This repo contains the Jupyter Notebooks and Flask app that documents the ETL (extract-transform-load) process for the Nieves Observer application.
The app is continuously seeding new catalogues to the app depending on educators' and students' interests and requests.
The app currently uses data from two catalogues:
- Messier
- Caldwell
The ETL process for each catalogue can be found in the etl_<catalogue>.ipynb
files.
All exoplanet data are derived from NASA's exoplanet database, with observatory-specific constraints set to the extraction. E.g., objects must be bright than 12 mags, transit periods must not last longer than 8 hours, etc.
Coming soon.
Work on the files in a Python shell such as pipenv
.
Clone the project
git clone [email protected]:nieves-observatory/observarium-etl.git
cd observarium-etl
Install all requisite libraries.
pipenv shell
pipenv install -r requirements.txt
The ETL process is developed using Jupyter Lab, and thus has Jupyter Lab already installed as a dependency in this repository.
jupyter lab
This ETL process is database agnostic--you can upload the data to any database of choice.

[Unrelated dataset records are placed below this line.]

lemma multilinear_on_eqI_slot:
  assumes I: "finite I" and T1: "multilinear_on n I T1" and T2: "multilinear_on n I T2"
    and V: "length V = n" "set V \<subseteq> Sig I" and "m < n"
    and slot: "\<And>i. i \<in> I \<Longrightarrow> T1 (V[m := indicator {i}]) = T2 (V[m := indicator {i}])"
  shows "T1 V = T2 V"
proof -
  have "V!m \<in> Sig I" using V \<open>m < n\<close> by (metis nth_mem subsetD)
  then have expand: "V = V[m := (\<lambda>x. \<Sum>i\<in>I. (V!m) i * indicator {i} x)]"
    using Sig_eq_sum_indicator[OF I] by simp
  have diracs: "\<forall>i\<in>I. indicator {i} \<in> Sig I" using indicator_singleton_in_Sig by blast
  have "T1 V = (\<Sum>i\<in>I. (V!m) i * T1 (V[m := indicator {i}]))"
    using multilinear_on_sum[OF T1 V \<open>m < n\<close> I diracs, of "\<lambda>i. (V!m) i"] expand by simp
  also have "\<dots> = (\<Sum>i\<in>I. (V!m) i * T2 (V[m := indicator {i}]))" using slot by simp
  also have "\<dots> = T2 V"
    using multilinear_on_sum[OF T2 V \<open>m < n\<close> I diracs, of "\<lambda>i. (V!m) i"] expand by simp
  finally show ?thesis .
qed

lemma multilinear_on_eqI_dirac_list:
  assumes I: "finite I" and T1: "multilinear_on n I T1" and T2: "multilinear_on n I T2"
    and dirac: "\<And>\<iota>. \<forall>k<n. \<iota> k \<in> I \<Longrightarrow> T1 (dirac_list n \<iota>) = T2 (dirac_list n \<iota>)"
    and V: "length V = n" "set V \<subseteq> Sig I"
  shows "T1 V = T2 V"
proof -
  let ?diracs = "(\<lambda>i. indicator {i}) ` I"
  have claim: "T1 V = T2 V" if "length V = n" "set V \<subseteq> Sig I" "\<forall>k\<in>{m..<n}. V!k \<in> ?diracs" for m V
    using that
  proof (induction m arbitrary: V)
    case 0
    define \<iota> where "\<iota> k = (SOME i. i \<in> I \<and> V!k = indicator {i})" for k
    have \<iota>: "\<iota> k \<in> I \<and> V!k = indicator {\<iota> k}" if "k < n" for k
      unfolding \<iota>_def by (rule someI_ex) (use 0 that in auto)
    have "V = dirac_list n \<iota>"
      by (rule nth_equalityI) (use 0 \<iota> in \<open>auto simp: dirac_list_def\<close>)
    then show ?case using dirac \<iota> by simp
  next
    case (Suc m)
    show ?case
    proof (cases "m < n")
      case False
      then show ?thesis using Suc by simp
    next
      case True
      show ?thesis
      proof (rule multilinear_on_eqI_slot[OF I T1 T2 Suc.prems(1,2) True])
        fix i assume "i \<in> I"
        have "set (V[m := indicator {i}]) \<subseteq> Sig I"
          using Suc.prems(2) indicator_singleton_in_Sig[OF \<open>i \<in> I\<close>] set_update_subset_insert by fastforce
        moreover have "\<forall>k\<in>{m..<n}. V[m := indicator {i}]!k \<in> ?diracs"
          using Suc.prems \<open>i \<in> I\<close> by (auto simp: nth_list_update)
        ultimately show "T1 (V[m := indicator {i}]) = T2 (V[m := indicator {i}])"
          using Suc.IH Suc.prems(1) by simp
      qed
    qed
  qed
  show ?thesis by (rule claim[OF V, of n]) simp
qed

lemma multilinear_on_sum_comb:
  assumes "finite S" "\<forall>P\<in>S. multilinear_on n I (T P)"
  shows "multilinear_on n I (\<lambda>V. \<Sum>P\<in>S. b P * T P V)"
  unfolding multilinear_on_def
proof (intro allI impI ballI)
  fix V j x y and c :: real
  assume V: "length V = n \<and> set V \<subseteq> Sig I" and j: "j < n" and x: "x \<in> Sig I" and y: "y \<in> Sig I"
  have "T P (V[j := (\<lambda>i. c * x i + y i)]) = c * T P (V[j := x]) + T P (V[j := y])" if "P \<in> S" for P
    using multilinear_onD[of n I "T P" V j x y c] assms(2) that V j x y by blast
  then have "(\<Sum>P\<in>S. b P * T P (V[j := (\<lambda>i. c * x i + y i)]))
      = (\<Sum>P\<in>S. c * (b P * T P (V[j := x])) + b P * T P (V[j := y]))"
    by (intro sum.cong) (auto simp: algebra_simps)
  also have "\<dots> = c * (\<Sum>P\<in>S. b P * T P (V[j := x])) + (\<Sum>P\<in>S. b P * T P (V[j := y]))"
    by (simp add: sum.distrib sum_distrib_left)
  finally show "(\<Sum>P\<in>S. b P * T P (V[j := (\<lambda>i. c * x i + y i)]))
      = c * (\<Sum>P\<in>S. b P * T P (V[j := x])) + (\<Sum>P\<in>S. b P * T P (V[j := y]))" .
qed

section \<open>The tensors \<open>tauP\<close> as products over blocks\<close>

definition tau_block :: "nat set \<Rightarrow> nat set \<Rightarrow> (nat \<Rightarrow> real) \<Rightarrow> (nat \<Rightarrow> real) list \<Rightarrow> real" where
  "tau_block I B \<mu> V = (\<Sum>i\<in>I. \<mu> i powr (1 - real (card B)) * (\<Prod>j\<in>B. (V!j) i))"

lemma tauP_eq_prod_tau_block:
  assumes "P \<in> Part n"
  shows "tauP I P \<mu> V = (\<Prod>B\<in>P. tau_block I B \<mu> V)"
  unfolding tauP_def
proof (rule prod.cong[OF refl])
  fix B assume "B \<in> P"
  then have "finite B" using Part_block assms by blast
  define xs where "xs = sorted_list_of_set B"
  have len: "length xs = card B" unfolding xs_def by simp
  have bij: "bij_betw ((!) xs) {..<card B} B"
    by (rule bij_betw_nth) (use \<open>finite B\<close> len in \<open>auto simp: xs_def\<close>)
  have "(\<Prod>k<card B. (map ((!) V) xs ! k) i) = (\<Prod>j\<in>B. (V!j) i)" for i
  proof -
    have "(\<Prod>k<card B. (map ((!) V) xs ! k) i) = (\<Prod>k<card B. (V ! (xs ! k)) i)"
      by (rule prod.cong) (use len in auto)
    also have "\<dots> = (\<Prod>j\<in>B. (V!j) i)" by (rule prod.reindex_bij_betw[OF bij])
    finally show ?thesis .
  qed
  then show "tau_m I (card B) \<mu> (map ((!) V) (sorted_list_of_set B)) = tau_block I B \<mu> V"
    unfolding tau_m_def tau_block_def xs_def[symmetric] using len by simp
qed

lemma tau_block_update_outside:
  assumes "j \<notin> B"
  shows "tau_block I B \<mu> (V[j := z]) = tau_block I B \<mu> V"
proof -
  have "(\<Prod>l\<in>B. (V[j := z] ! l) i) = (\<Prod>l\<in>B. (V ! l) i)" for i
    by (rule prod.cong) (use assms in \<open>metis nth_list_update_neq\<close>)+
  then show ?thesis unfolding tau_block_def by simp
qed

lemma tau_block_update_linear:
  assumes "finite B" "j \<in> B" "j < length V"
  shows "tau_block I B \<mu> (V[j := (\<lambda>i. c * x i + y i)])
       = c * tau_block I B \<mu> (V[j := x]) + tau_block I B \<mu> (V[j := y])"
proof -
  have split: "(\<Prod>l\<in>B. (V[j := z] ! l) i) = z i * (\<Prod>l\<in>B - {j}. (V ! l) i)" for z :: "nat \<Rightarrow> real" and i
    using assms by (simp add: prod.remove)
  show ?thesis
    unfolding tau_block_def split by (simp add: sum.distrib sum_distrib_left algebra_simps)
qed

Observarium will be using MongoDB, which we can easily seed csv data with the Mongo Compass GUI.
The earlier version of Observarium uses a Postgres database, and you can follow the documentation here.
To load to Postgres, first create a Postgres database (e.g., we give the database a name of nieves_observer)
createdb -U postgres nieves_observer
Update the database name in the load
python files. For example in load_dso.py
:
app.config['SQLALCHEMY_DATABASE_URI'] = "postgresql://postgres@localhost/nieves_observer"
...
db_conn = psycopg2.connect(host="localhost", port="5432",
dbname="nieves_observer", user="postgres")
Once you're ready to load, run the load file.
python load_dso.py